T cells are implicated in the production of anti-La/SSB and anti-Ro/SSA autoantibodies commonly associated with the DR3/DQ2 haplotype in systemic lupus erythematosus and Sjögren's syndrome. This study was undertaken to investigate the DR3/DQ2-restricted T cell response to wild-type human La (hLa) and a truncated form of mutant La.
Humanized transgenic mice expressing HLA–DRB1*0301/DQB1*0201 (DR3/DQ2) were immunized with recombinant antigen and examined for development of autoantibodies and T cell proliferation against overlapping peptides spanning the La autoantigen. HLA restriction and peptide binding of identified T cell epitopes to DR3 or DQ2 were determined using blocking monoclonal antibodies and a direct binding assay.

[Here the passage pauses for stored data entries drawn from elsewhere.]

definition grad_E_disc :: "(real \<Rightarrow> real) \<Rightarrow> (real \<Rightarrow> real) \<Rightarrow> real \<Rightarrow> real \<Rightarrow> real \<Rightarrow> nat \<Rightarrow> (nat \<Rightarrow> real)
    \<Rightarrow> (nat \<Rightarrow> real) \<Rightarrow> nat \<Rightarrow> real" where
  "grad_E_disc \<phi> V a b M K \<xi> x k = deriv (\<lambda>t. E_disc \<phi> V a b M K \<xi> (x(k := t))) (x k)"

text \<open>The tridiagonal matrix W (entries indexed 1..K-1).\<close>
definition Wmat :: "(nat \<Rightarrow> real) \<Rightarrow> nat \<Rightarrow> nat \<Rightarrow> real" where
  "Wmat \<xi> i j =
     (if i = j then (mesh_delta \<xi> i + mesh_delta \<xi> (i + 1)) / 3
      else if j = i + 1 then mesh_delta \<xi> (i + 1) / 6
      else if i = j + 1 then mesh_delta \<xi> (j + 1) / 6
      else 0)"

text \<open>g^T W^{-1} g, where W^{-1} g is the unique solution y of W y = g (indices 1..K-1).\<close>
definition Winv_quad :: "(nat \<Rightarrow> real) \<Rightarrow> nat \<Rightarrow> (nat \<Rightarrow> real) \<Rightarrow> real" where
  "Winv_quad \<xi> K g =
     (let y = (THE y. (\<forall>i\<in>{1..K-1}. (\<Sum>j=1..K-1. Wmat \<xi> i j * y j) = g i)
                      \<and> (\<forall>i. i \<notin> {1..K-1} \<longrightarrow> y i = 0))
      in \<Sum>i=1..K-1. g i * y i)"

definition dens_meas :: "real \<Rightarrow> real \<Rightarrow> (real \<Rightarrow> real) \<Rightarrow> real measure" where
  "dens_meas a b u = density lborel (\<lambda>y. ennreal (u y) * indicator {a..b} y)"

definition couplings :: "real measure \<Rightarrow> real measure \<Rightarrow> (real \<times> real) measure set" where
  "couplings \<mu> \<nu> = {\<pi>. sets \<pi> = sets (borel :: (real \<times> real) measure)
       \<and> distr \<pi> borel fst = \<mu> \<and> distr \<pi> borel snd = \<nu>}"

definition W2 :: "real \<Rightarrow> real \<Rightarrow> (real \<Rightarrow> real) \<Rightarrow> (real \<Rightarrow> real) \<Rightarrow> real" where
  "W2 a b u v = sqrt (enn2real (INF \<pi> \<in> couplings (dens_meas a b u) (dens_meas a b v).
       \<integral>\<^sup>+ p. ennreal ((fst p - snd p)\<^sup>2) \<partial>\<pi>))"

definition E_cont :: "(real \<Rightarrow> real) \<Rightarrow> (real \<Rightarrow> real) \<Rightarrow> real \<Rightarrow> real \<Rightarrow> (real \<Rightarrow> real) \<Rightarrow> real" where
  "E_cont \<phi> V a b u = integral {a..b} (\<lambda>y. \<phi> (u y)) + integral {a..b} (\<lambda>y. u y * V y)"

end

theory Submission
  imports Defs
begin

text \<open>For a node vector \<open>x\<close>, the density \<open>u\<^sub>\<xi>[x]\<close> is the push-forward of Lebesgue measure on
  \<open>[0, M]\<close> under the piecewise linear map \<open>X\<^sub>\<xi>[x]\<close>, whose inverse is the cumulative distribution
  function of \<open>u\<^sub>\<xi>[x]\<close>. The coupling induced by \<open>(X\<^sub>\<xi>[y], X\<^sub>\<xi>[z])\<close> is optimal, as an explicit pair of
  Kantorovich potentials shows, hence \<open>W\<^sub>2(u\<^sub>\<xi>[y], u\<^sub>\<xi>[z])\<^sup>2 = \<integral>\<^sub>0\<^sup>M (X\<^sub>\<xi>[y] - X\<^sub>\<xi>[z])\<^sup>2 = d\<^sup>T W d\<close> with
  \<open>d = y - z\<close>; similarly \<open>E(u\<^sub>\<xi>[x]) = E\<^sub>\<xi>(x)\<close>. Comparing the minimiser \<open>u\<^sup>n\<close> with the competitor
  \<open>u\<^sup>n\<^sup>-\<^sup>1\<close> and telescoping gives the first estimate. Minimality of \<open>x\<^sup>n\<close> in each interior
  coordinate gives the discrete Euler--Lagrange equation \<open>\<partial>E\<^sub>\<xi>(x\<^sup>n) = - W (x\<^sup>n - x\<^sup>n\<^sup>-\<^sup>1) / \<tau>\<close>, so
  \<open>g\<^sup>T W\<^sup>-\<^sup>1 g = d\<^sup>T W d / \<tau>\<^sup>2\<close> and the second estimate coincides term by term with the first.\<close>

section \<open>Piecewise linear interpolation\<close>

definition increasing_upto :: "nat \<Rightarrow> (nat \<Rightarrow> real) \<Rightarrow> bool" where
  "increasing_upto K p \<longleftrightarrow> (\<forall>k. 1 \<le> k \<and> k \<le> K \<longrightarrow> p (k - 1) < p k)"

definition pwlin :: "nat \<Rightarrow> (nat \<Rightarrow> real) \<Rightarrow> (nat \<Rightarrow> real) \<Rightarrow> real \<Rightarrow> real" where
  "pwlin K p v s = (\<Sum>j=0..K. v j * hat K p j s)"

lemma increasing_upto_step: "increasing_upto K p \<Longrightarrow> 1 \<le> k \<Longrightarrow> k \<le> K \<Longrightarrow> p (k - 1) < p k"
  by (auto simp: increasing_upto_def)

lemma increasing_upto_less: assumes "increasing_upto K p" "i < j" "j \<le> K" shows "p i < p j"
  using assms(2,3)
proof (induction j)
  case 0 then show ?case by simp
next
  case (Suc j)
  have s: "p j < p (Suc j)" using increasing_upto_step[OF assms(1), of "Suc j"] Suc.prems by simp
  show ?case
  proof (cases "i = j")
    case True then show ?thesis using s by simp
  next
    case False then have "i < j" using Suc.prems by simp
    then show ?thesis using Suc.IH Suc.prems s by simp
  qed
qed

lemma increasing_upto_le: assumes "increasing_upto K p" "i \<le> j" "j \<le> K" shows "p i \<le> p j"
  using increasing_upto_less[OF assms(1), of i j] assms by (cases "i = j") auto

lemma hat_off_cell:
  assumes "increasing_upto K p" "1 \<le> k" "k \<le> K" "p (k - 1) \<le> s" "s \<le> p k" "j \<noteq> k - 1" "j \<noteq> k" "j \<le> K"
  shows "hat K p j s = 0"
proof (cases "j < k - 1")
  case True
  have A: "\<not> (0 < j \<and> p (j - 1) \<le> s \<and> s \<le> p j) \<or> j = 0"
  proof -
    have "p j < p (k - 1)" using increasing_upto_less[OF assms(1), of j "k-1"] True assms by simp
    then show ?thesis using assms by auto
  qed
  show ?thesis
  proof (cases "j + 1 < k - 1")
    case True
    then have "p (j+1) < p (k-1)" using increasing_upto_less[OF assms(1), of "j+1" "k-1"] assms by simp
    then show ?thesis using A assms unfolding hat_def by auto
  next
    case False
    then have "j + 1 = k - 1" using True by simp
    then show ?thesis using A assms unfolding hat_def by auto
  qed
next
  case False
  then have "k < j" using assms by simp
  have D: "p k < p j" using increasing_upto_less[OF assms(1) \<open>k < j\<close> assms(8)] .
  show ?thesis
  proof (cases "j - 1 = k")
    case True then show ?thesis using D assms \<open>k<j\<close> unfolding hat_def by auto
  next
    case False
    then have "p k < p (j - 1)"
      using increasing_upto_less[OF assms(1), of k "j-1"] \<open>k < j\<close> assms(8) by simp
    then show ?thesis using D assms \<open>k<j\<close> unfolding hat_def by auto
  qed
qed

lemma hat_rising:
  assumes "increasing_upto K p" "1 \<le> k" "k \<le> K" "p (k - 1) \<le> s" "s \<le> p k"
  shows "hat K p k s = (s - p (k - 1)) / (p k - p (k - 1))"
  using assms unfolding hat_def by auto

lemma hat_falling:
  assumes "increasing_upto K p" "1 \<le> k" "k \<le> K" "p (k - 1) \<le> s" "s \<le> p k"
  shows "hat K p (k - 1) s = (p k - s) / (p k - p (k - 1))"
proof -
  have lt: "p (k - 1) < p k" using increasing_upto_step[OF assms(1-3)] .
  show ?thesis
  proof (cases "0 < k - 1 \<and> p (k - 1 - 1) \<le> s \<and> s \<le> p (k - 1)")
    case True
    then have "s = p (k - 1)" using assms by simp
    moreover have "p (k - 1 - 1) < p (k - 1)"
      using increasing_upto_step[OF assms(1), of "k-1"] True assms by auto
    ultimately show ?thesis using True lt unfolding hat_def by simp
  next
    case False
    have c: "k - 1 < K" "k - 1 + 1 = k" using assms by auto
    show ?thesis unfolding hat_def using False c assms by (simp only: if_False if_True c) simp
  qed
qed

lemma pwlin_on_cell:
  assumes "increasing_upto K p" "1 \<le> k" "k \<le> K" "p (k - 1) \<le> s" "s \<le> p k"
  shows "pwlin K p v s = v (k - 1) + (s - p (k - 1)) * (v k - v (k - 1)) / (p k - p (k - 1))"
proof -
  have lt: "p (k - 1) < p k" using increasing_upto_step[OF assms(1-3)] .
  have "pwlin K p v s = (\<Sum>j\<in>{k-1,k}. v j * hat K p j s)"
    unfolding pwlin_def
    by (rule sum.mono_neutral_right) (use assms hat_off_cell[OF assms] in auto)
  also have "\<dots> = v (k-1) * ((p k - s) / (p k - p (k - 1)))
      + v k * ((s - p (k - 1)) / (p k - p (k - 1)))"
    using assms hat_rising[OF assms] hat_falling[OF assms] by simp
  also have "\<dots> = (v (k-1) * (p k - s) + v k * (s - p (k - 1))) / (p k - p (k - 1))"
    by (simp add: add_divide_distrib)
  also have "\<dots> = v (k - 1) + (s - p (k - 1)) * (v k - v (k - 1)) / (p k - p (k - 1))"
    using lt by (simp add: divide_simps) (simp add: algebra_simps)
  finally show ?thesis .
qed

lemma exists_cell:
  assumes "increasing_upto K p" "1 \<le> K" "p 0 \<le> s" "s \<le> p K"
  shows "\<exists>k. 1 \<le> k \<and> k \<le> K \<and> p (k - 1) \<le> s \<and> s \<le> p k"
proof -
  define k where "k = (LEAST k. s \<le> p k)"
  have k1: "s \<le> p k" unfolding k_def by (rule LeastI[of _ K]) (use assms in auto)
  have k2: "k \<le> K" unfolding k_def by (rule Least_le) (use assms in auto)
  show ?thesis
  proof (cases "k = 0")
    case True
    then have "s = p 0" using k1 assms by simp
    then show ?thesis using assms increasing_upto_le[OF assms(1), of 0 1] by (intro exI[of _ 1]) auto
  next
    case False
    have "\<not> s \<le> p (k - 1)"
      using not_less_Least[of "k - 1" "\<lambda>k. s \<le> p k"] False unfolding k_def by simp
    then show ?thesis using False k1 k2 by (intro exI[of _ k]) auto
  qed
qed

lemma pwlin_node:
  assumes "increasing_upto K p" "1 \<le> K" "k \<le> K"
  shows "pwlin K p v (p k) = v k"
proof (cases "k = 0")
  case True
  have h: "p 0 \<le> p 1" "p 0 < p 1" using increasing_upto_step[OF assms(1), of 1] assms by auto
  have "pwlin K p v (p 0) = v (1 - 1) + (p 0 - p (1 - 1)) * (v 1 - v (1 - 1)) / (p 1 - p (1 - 1))"
    by (rule pwlin_on_cell[OF assms(1)]) (use assms h in auto)
  then show ?thesis using True by simp
next
  case False
  have h: "p (k-1) < p k" using increasing_upto_step[OF assms(1), of k] assms False by auto
  have "pwlin K p v (p k) = v (k - 1) + (p k - p (k - 1)) * (v k - v (k - 1)) / (p k - p (k - 1))"
    by (rule pwlin_on_cell[OF assms(1)]) (use assms h False in auto)
  also have "\<dots> = v k" using h by simp
  finally show ?thesis .
qed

DR3/DQ2-transgenic mice generated an unusually rapid class-switched humoral response to hLa with characteristic spreading to Ro 52 and Ro 60 proteins following hLa protein immunization. Seven T cell determinants in hLa were restricted to the HLA–DR3/DQ2 haplotype. Six epitopes tested were restricted to HLA–DR and bound DR3 with semiconserved DR3 binding motifs. No DQ restriction of these epitopes was demonstrable despite efficient DQ binding activity in some cases. No neo–T cell epitopes were identified in mutant La; however, T cells primed with mutant La exhibited a striking increase in proliferation to the epitope hLa151–168 compared with T cells primed with hLa.
Multiple DR3-restricted epitopes of hLa have been identified. These findings suggest that truncation of La produced by somatic mutation or possibly granzyme B–mediated cleavage alters the immunodominance hierarchy of T cell responsiveness to hLa and may be a factor in the initiation or maintenance of anti-La autoimmunity.